Once the line containing "prob (?V \<union>" is located, output it and every line after it through the end of the records, exactly as written and nothing else.

━━━ Material for this exercise

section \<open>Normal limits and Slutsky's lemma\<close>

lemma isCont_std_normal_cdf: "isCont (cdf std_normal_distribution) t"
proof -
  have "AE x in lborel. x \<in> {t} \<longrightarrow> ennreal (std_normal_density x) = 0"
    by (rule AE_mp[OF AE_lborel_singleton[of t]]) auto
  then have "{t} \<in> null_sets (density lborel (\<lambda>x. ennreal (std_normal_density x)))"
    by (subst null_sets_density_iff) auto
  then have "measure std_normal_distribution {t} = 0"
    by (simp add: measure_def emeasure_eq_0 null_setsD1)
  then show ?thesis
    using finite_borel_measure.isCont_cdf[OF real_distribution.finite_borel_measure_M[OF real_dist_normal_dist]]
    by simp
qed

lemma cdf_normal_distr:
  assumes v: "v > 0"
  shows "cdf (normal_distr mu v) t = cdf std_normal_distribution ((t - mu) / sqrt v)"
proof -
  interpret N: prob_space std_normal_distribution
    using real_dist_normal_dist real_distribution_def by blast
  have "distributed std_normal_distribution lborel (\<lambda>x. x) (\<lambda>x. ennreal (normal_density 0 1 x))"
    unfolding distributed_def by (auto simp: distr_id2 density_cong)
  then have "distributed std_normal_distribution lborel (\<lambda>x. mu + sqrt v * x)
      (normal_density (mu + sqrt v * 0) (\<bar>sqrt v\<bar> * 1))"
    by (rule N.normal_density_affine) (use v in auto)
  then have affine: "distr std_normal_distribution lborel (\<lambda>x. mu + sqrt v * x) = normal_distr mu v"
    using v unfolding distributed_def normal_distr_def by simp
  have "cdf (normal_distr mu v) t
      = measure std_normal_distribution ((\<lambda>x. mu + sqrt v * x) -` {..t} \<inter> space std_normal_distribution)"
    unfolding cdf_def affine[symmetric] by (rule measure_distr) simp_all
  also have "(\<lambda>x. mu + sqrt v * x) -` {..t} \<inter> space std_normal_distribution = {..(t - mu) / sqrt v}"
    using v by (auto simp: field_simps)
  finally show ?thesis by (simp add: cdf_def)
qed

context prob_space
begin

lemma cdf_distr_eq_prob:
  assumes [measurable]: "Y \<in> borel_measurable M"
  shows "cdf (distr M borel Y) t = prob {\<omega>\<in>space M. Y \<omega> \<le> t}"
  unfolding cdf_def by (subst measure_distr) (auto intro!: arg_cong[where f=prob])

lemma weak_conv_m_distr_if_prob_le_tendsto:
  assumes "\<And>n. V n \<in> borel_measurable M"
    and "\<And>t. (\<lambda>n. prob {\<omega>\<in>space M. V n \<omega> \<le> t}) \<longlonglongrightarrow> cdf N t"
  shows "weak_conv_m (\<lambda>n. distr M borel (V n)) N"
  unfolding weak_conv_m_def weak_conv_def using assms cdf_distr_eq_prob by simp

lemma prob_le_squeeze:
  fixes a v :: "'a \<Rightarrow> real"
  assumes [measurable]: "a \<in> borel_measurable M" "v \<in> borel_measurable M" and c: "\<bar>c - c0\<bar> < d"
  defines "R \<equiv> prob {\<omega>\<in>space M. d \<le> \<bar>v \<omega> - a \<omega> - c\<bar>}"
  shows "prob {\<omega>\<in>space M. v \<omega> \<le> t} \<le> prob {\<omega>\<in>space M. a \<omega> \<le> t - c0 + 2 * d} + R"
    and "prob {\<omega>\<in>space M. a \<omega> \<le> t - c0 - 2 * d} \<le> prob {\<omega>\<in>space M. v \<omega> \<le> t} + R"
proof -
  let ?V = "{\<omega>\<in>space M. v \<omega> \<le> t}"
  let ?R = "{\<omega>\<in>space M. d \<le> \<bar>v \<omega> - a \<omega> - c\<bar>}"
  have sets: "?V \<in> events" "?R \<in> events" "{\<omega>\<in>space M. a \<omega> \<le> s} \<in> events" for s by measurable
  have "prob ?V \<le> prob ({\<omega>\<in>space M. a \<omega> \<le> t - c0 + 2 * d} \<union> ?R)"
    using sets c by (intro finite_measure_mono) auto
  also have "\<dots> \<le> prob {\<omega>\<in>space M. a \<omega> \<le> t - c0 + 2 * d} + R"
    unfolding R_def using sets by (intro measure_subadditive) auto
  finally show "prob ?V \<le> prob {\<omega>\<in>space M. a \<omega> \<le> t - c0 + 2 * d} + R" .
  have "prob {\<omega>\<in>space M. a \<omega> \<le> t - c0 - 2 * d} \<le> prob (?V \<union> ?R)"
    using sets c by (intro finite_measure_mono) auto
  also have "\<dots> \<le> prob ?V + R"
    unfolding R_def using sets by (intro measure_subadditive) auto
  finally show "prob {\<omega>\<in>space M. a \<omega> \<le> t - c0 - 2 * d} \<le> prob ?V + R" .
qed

━━━━━━

[Reply to the exercise]:
  have "prob {\<omega>\<in>space M. a \<omega> \<le> t - c0 - 2 * d} \<le> prob (?V \<union> ?R)"
    using sets c by (intro finite_measure_mono) auto
  also have "\<dots> \<le> prob ?V + R"
    unfolding R_def using sets by (intro measure_subadditive) auto
  finally show "prob {\<omega>\<in>space M. a \<omega> \<le> t - c0 - 2 * d} \<le> prob ?V + R" .
qed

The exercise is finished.